Now we need to upload the file to the project. Press the Create card button.

"Create card" button

Press Upload file and select the file you just downloaded. A new entry, wine.data, will appear in the menu.

Data tab

Press the wine.data entry to create an Open file card.

"Open file" card

3. Prepare the data

According to the dataset description, wine.data is a comma-separated values file with the following columns:

Class (1, 2 or 3)
Alcohol
Malic acid
Ash
Alcalinity of ash
Magnesium
Total phenols
Flavanoids
Nonflavanoid phenols
Proanthocyanins
Color intensity
Hue
OD280/OD315 of diluted wines
Proline

Our model will take as input columns 2 to 14 and will give as output a prediction of the first column.

First of all we need to convert the file stream into a 2D tensor (also known as table).

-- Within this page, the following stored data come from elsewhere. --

(* Let $n\ge2$, let $A\in\mathbb{Z}^{m\times n}$ have full column rank, and let $b\in\mathbb{Z}^m$ be such that $P=\{x\in\mathbb{R}^n:Ax\le b\}$ is full-dimensional, $P\cap\mathbb{Z}^n=\emptyset$, and each row of $A$ defines a facet of $P$. Then there exists a row $a^\top$ of $A$ such that $w^{a}(P)\le\pi(A)-1$.
   Context: $w^{a}(P)=\max_{x\in P}a^\top x-\min_{y\in P}a^\top y$. The parameter $\pi(A)$ is defined as \[ \pi(A)=\max_{\substack{b'\in\mathbb{Z}^m:\\ P(A,b')\cap\mathbb{Z}^n\neq\emptyset}}\ \max_{x^*\text{ vertex of }P(A,b')}\ \min_{z^*\in P(A,b')\cap\mathbb{Z}^n}\|A(x^*-z^* )\|_\infty, \] where $P(A,b')=\{x\in\mathbb{R}^n:Ax\le b'\}$. *)

theory Defs
  imports "HOL-Analysis.Analysis"
begin

definition real_mat :: "int^'n^'m \<Rightarrow> real^'n^'m" where
  "real_mat A = (\<chi> i j. real_of_int (A $ i $ j))"

definition polyh :: "int^'n^'m \<Rightarrow> int^'m \<Rightarrow> (real^'n) set" where
  "polyh A b = {x. \<forall>i. (real_mat A *v x) $ i \<le> real_of_int (b $ i)}"

definition int_points :: "(real^'n) set" where
  "int_points = {z. \<forall>j. z $ j \<in> \<int>}"

text \<open>Width w^a(P) = max_{x in P} a x - min_{y in P} a y, taken in the extended reals
  (equal to the max/min when attained; infinite when P is unbounded in direction a).\<close>
definition width_dir :: "real^'n \<Rightarrow> (real^'n) set \<Rightarrow> ereal" where
  "width_dir a P = (SUP x\<in>P. ereal (a \<bullet> x)) - (INF y\<in>P. ereal (a \<bullet> y))"

definition pi_param :: "int^'n^'m \<Rightarrow> ereal" where
  "pi_param A =
     (SUP b' \<in> {b'. polyh A b' \<inter> int_points \<noteq> {}}.
        SUP xs \<in> {x. x extreme_point_of polyh A b'}.
          INF zs \<in> polyh A b' \<inter> int_points.
            ereal (infnorm (real_mat A *v (xs - zs))))"

end

theory Submission
  imports Defs "HOL-Analysis.Kronecker_Approximation_Theorem"
begin

text \<open>Take an integer point \<open>z\<^sub>0\<close> minimising the total violation of \<open>A x \<le> b\<close> and relax \<open>b\<close>
  to \<open>b' = max b (A z\<^sub>0)\<close>. By minimality, every integer point of \<open>P(A,b')\<close> is tight on every
  relaxed row. If some relaxed row \<open>a\<^sub>k\<close> is bounded below on \<open>P(A,b')\<close>, it attains its minimum
  at a vertex \<open>v\<close> (full column rank makes the polyhedron pointed); then \<open>b'\<^sub>k - a\<^sub>k v\<close> is at most
  \<open>\<parallel>A(v - z)\<parallel>\<^sub>\<infinity>\<close> for every integer point \<open>z\<close> of \<open>P(A,b')\<close>, hence at most \<open>\<pi>(A)\<close>, while the width
  of \<open>P \<subseteq> P(A,b')\<close> in direction \<open>a\<^sub>k\<close> is at most \<open>b\<^sub>k - a\<^sub>k v \<le> b'\<^sub>k - 1 - a\<^sub>k v\<close>. Otherwise a recession direction decreases all
  relaxed rows strictly; a simultaneous Dirichlet approximation turns it into an integer direction,
  which moves \<open>z\<^sub>0\<close> to an integer point of \<open>P(A,b')\<close> that is not tight, a contradiction.\<close>

definition ineq_polyhedron :: "real^'n^'m \<Rightarrow> real^'m \<Rightarrow> (real^'n) set" where
  "ineq_polyhedron R \<beta> = {x. \<forall>j. R$j \<bullet> x \<le> \<beta>$j}"

definition slack_rows :: "real^'n^'m \<Rightarrow> real^'m \<Rightarrow> real^'n \<Rightarrow> 'm set" where
  "slack_rows R \<beta> x = {j. R$j \<bullet> x < \<beta>$j}"

definition basic_point :: "real^'n^'m \<Rightarrow> real^'m \<Rightarrow> real^'n \<Rightarrow> bool" where
  "basic_point R \<beta> x \<longleftrightarrow> x \<in> ineq_polyhedron R \<beta> \<and>
     (\<forall>d. (\<forall>j. R$j \<bullet> x = \<beta>$j \<longrightarrow> R$j \<bullet> d = 0) \<longrightarrow> d = 0)"

lemma basic_point_extreme_point:
  assumes "basic_point R \<beta> x"
  shows "x extreme_point_of ineq_polyhedron R \<beta>"
proof -
  have "x = y" if y: "y \<in> ineq_polyhedron R \<beta>" and z: "z \<in> ineq_polyhedron R \<beta>"
    and "x \<in> open_segment y z" for y z
  proof -
    obtain u where u: "0 < u" "u < 1" and x_eq: "x = (1 - u) *\<^sub>R y + u *\<^sub>R z"
      using \<open>x \<in> open_segment y z\<close> by (auto simp: in_segment)
    have "R$j \<bullet> (y - x) = 0" if tight: "R$j \<bullet> x = \<beta>$j" for j
    proof -
      have "R$j \<bullet> y \<le> \<beta>$j" "R$j \<bullet> z \<le> \<beta>$j"
        using y z by (auto simp: ineq_polyhedron_def)
      moreover have "(1 - u) * (\<beta>$j - R$j \<bullet> y) + u * (\<beta>$j - R$j \<bullet> z) = 0"
        using tight by (simp add: x_eq inner_add_right algebra_simps)
      ultimately have "(1 - u) * (\<beta>$j - R$j \<bullet> y) = 0"
        using u by (simp add: add_nonneg_eq_0_iff)
      then show ?thesis using u tight by (simp add: inner_diff_right)
    qed
    then have "y - x = 0"
      using assms unfolding basic_point_def by blast
    then show "x = y" by simp
  qed
  then show ?thesis
    using assms by (auto simp: extreme_point_of_def basic_point_def open_segment_def)
qed

lemma finite_basic_points: "finite {x. basic_point R \<beta> x}"
proof -
  let ?tight = "\<lambda>x. {j. R$j \<bullet> x = \<beta>$j}"
  have "inj_on ?tight {x. basic_point R \<beta> x}"
  proof (rule inj_onI)
    fix x y assume "x \<in> {x. basic_point R \<beta> x}" and same: "?tight x = ?tight y"
    then have "\<forall>d. (\<forall>j. R$j \<bullet> x = \<beta>$j \<longrightarrow> R$j \<bullet> d = 0) \<longrightarrow> d = 0"
      by (simp add: basic_point_def)
    moreover have "\<forall>j. R$j \<bullet> x = \<beta>$j \<longrightarrow> R$j \<bullet> (x - y) = 0"
      using same by (auto simp: inner_diff_right set_eq_iff)
    ultimately have "x - y = 0" by blast
    then show "x = y" by simp
  qed
  then show ?thesis
    by (rule finite_imageD[rotated]) simp
qed

lemma nonbasic_descent_direction:
  fixes R :: "real^'n^'m"
  assumes inj: "inj ((*v) R)"
    and bounded: "\<And>d. \<forall>j. R$j \<bullet> d \<le> 0 \<Longrightarrow> 0 \<le> c \<bullet> d"
    and "x \<in> ineq_polyhedron R \<beta>" and "\<not> basic_point R \<beta> x"
  obtains d where "\<forall>j. R$j \<bullet> x = \<beta>$j \<longrightarrow> R$j \<bullet> d = 0" "c \<bullet> d \<le> 0" "\<exists>j. 0 < R$j \<bullet> d"
proof -
  obtain d0 where tight0: "\<forall>j. R$j \<bullet> x = \<beta>$j \<longrightarrow> R$j \<bullet> d0 = 0" and "d0 \<noteq> 0"
    using assms(3,4) by (auto simp: basic_point_def)
  define d where "d = (if c \<bullet> d0 \<le> 0 then d0 else - d0)"
  have tight: "\<forall>j. R$j \<bullet> x = \<beta>$j \<longrightarrow> R$j \<bullet> d = 0" and "c \<bullet> d \<le> 0" and "d \<noteq> 0"
    using tight0 \<open>d0 \<noteq> 0\<close> by (auto simp: d_def)
  show thesis
  proof (cases "\<exists>j. 0 < R$j \<bullet> d")
    case True
    with tight \<open>c \<bullet> d \<le> 0\<close> show thesis by (rule that)
  next
    case False
    then have "c \<bullet> d = 0"
      using bounded[of d] \<open>c \<bullet> d \<le> 0\<close> by (auto simp: not_less)
    have "R *v d \<noteq> 0"
      using injD[OF inj, of d 0] \<open>d \<noteq> 0\<close> by auto
    then obtain j where "R$j \<bullet> d \<noteq> 0"
      by (auto simp: vec_eq_iff matrix_vector_mul_component)
    moreover have "R$j \<bullet> d \<le> 0"
      using False by (simp add: not_less)
    ultimately have "0 < R$j \<bullet> - d" by simp
    with tight \<open>c \<bullet> d = 0\<close> show thesis
      by (intro that[of "- d"]) auto
  qed
qed

lemma ray_step_shrinks_slack:
  assumes x: "x \<in> ineq_polyhedron R \<beta>"
    and tight: "\<forall>j. R$j \<bullet> x = \<beta>$j \<longrightarrow> R$j \<bullet> d = 0" and "\<exists>j. 0 < R$j \<bullet> d"
  obtains t where "0 < t" "x + t *\<^sub>R d \<in> ineq_polyhedron R \<beta>"
    "slack_rows R \<beta> (x + t *\<^sub>R d) \<subset> slack_rows R \<beta> x"
proof -
  define J where "J = {j. 0 < R$j \<bullet> d}"
  define t where "t = Min ((\<lambda>j. (\<beta>$j - R$j \<bullet> x) / (R$j \<bullet> d)) ` J)"
  have "J \<noteq> {}" using \<open>\<exists>j. 0 < R$j \<bullet> d\<close> by (simp add: J_def)
  then have "t \<in> (\<lambda>j. (\<beta>$j - R$j \<bullet> x) / (R$j \<bullet> d)) ` J"
    unfolding t_def by (intro Min_in) auto
  then obtain j0 where "j0 \<in> J" and t_eq: "t = (\<beta>$j0 - R$j0 \<bullet> x) / (R$j0 \<bullet> d)"
    by blast
  have le_t: "t * (R$j \<bullet> d) \<le> \<beta>$j - R$j \<bullet> x" if "j \<in> J" for j
  proof -
    have "t \<le> (\<beta>$j - R$j \<bullet> x) / (R$j \<bullet> d)"
      unfolding t_def using that by (intro Min_le) auto
    then show ?thesis using that by (simp add: J_def le_divide_eq)
  qed
  have x_le: "R$j \<bullet> x \<le> \<beta>$j" for j
    using x by (simp add: ineq_polyhedron_def)
  have slack_J: "R$j \<bullet> x < \<beta>$j" if "j \<in> J" for j
    using that tight x_le[of j] by (force simp: J_def less_le)
  have "0 < t"
    using \<open>j0 \<in> J\<close> slack_J[OF \<open>j0 \<in> J\<close>] by (simp add: t_eq J_def)
  have step: "R$j \<bullet> (x + t *\<^sub>R d) = R$j \<bullet> x + t * (R$j \<bullet> d)" for j
    by (simp add: inner_add_right)
  have "R$j \<bullet> (x + t *\<^sub>R d) \<le> \<beta>$j" for j
  proof (cases "j \<in> J")
    case True
    then show ?thesis using le_t[OF True] step[of j] by simp
  next
    case False
    then have "t * (R$j \<bullet> d) \<le> 0"
      using \<open>0 < t\<close> by (simp add: J_def mult_nonneg_nonpos)
    then show ?thesis using step x_le[of j] by simp
  qed
  moreover have "slack_rows R \<beta> (x + t *\<^sub>R d) \<subseteq> slack_rows R \<beta> x"
    using tight x_le step by (fastforce simp: slack_rows_def order.order_iff_strict)
  moreover have "j0 \<in> slack_rows R \<beta> x - slack_rows R \<beta> (x + t *\<^sub>R d)"
    using slack_J[OF \<open>j0 \<in> J\<close>] \<open>j0 \<in> J\<close> step[of j0] by (simp add: slack_rows_def t_eq J_def)
  ultimately show thesis
    using \<open>0 < t\<close> that by (auto simp: ineq_polyhedron_def)
qed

Press the Create card button.

"Create card" button

In the Modules tab, navigate to Files and formats and press Read as CSV.

"Create card" menu

A new Read as CSV card will appear in the blueprint.

"Read as CSV" card

Connect the Stream output from Open file to the Stream input of Read as CSV.

Current pipeline

Now we just have to configure the parameters of the CSV reader—delimiter and header row(s)—. Getting a glimpse of the file contents can help us in this task.

Select the Open file card by pressing on it and press the Preview output button on the top bar:

"Preview output" button

A dialog will appear showing a preview of the contents of wine.data.

"Preview output" dialog

As we can see, this file has no headers and the values are delimited by commas (,). This is the current configuration of our CVS reader, so it is ready to process the file.

Select the Read as CSV card and press the Preview output button on the top bar. The preview dialog will show a table this time.

"Preview output" dialog

If we scroll down we will see that the dataset is sorted by the first column (the class). Performing a k-fold cross-validation in this state will lead to very poor results, since the training dataset will not contain the same classes as the test dataset in most cases.

We need to shuffle the dataset. Press the Create card button, navigate to Tables and press Shuffle rows. A new Shuffle rows card will appear in the blueprint.

"Shuffle rows" card

Connect the Table output from Read as CSV to the Data input of Shuffle rows.

Current pipeline

If we get a preview of the Shuffled output, we can see that the table has been correctly shuffled.

"Preview output" dialog

We are finally ready to perform the K-fold cross-validation.

Press the Create card button, navigate to Validation and press K-fold cross-validation. A new K-fold cross-validation card will appear in the blueprint.

"K-fold cross-validation" card

Connect the Shuffled output from Shuffle rows to the Data input of K-fold cross-validation.

Current pipeline

As we can see, the K-fold cross-validation card already has a default value of 5 for K, which exactly what we need.

This card also triggers two different events: On each fold, that provides the training and testing Tensors and On finish, that has no associated data.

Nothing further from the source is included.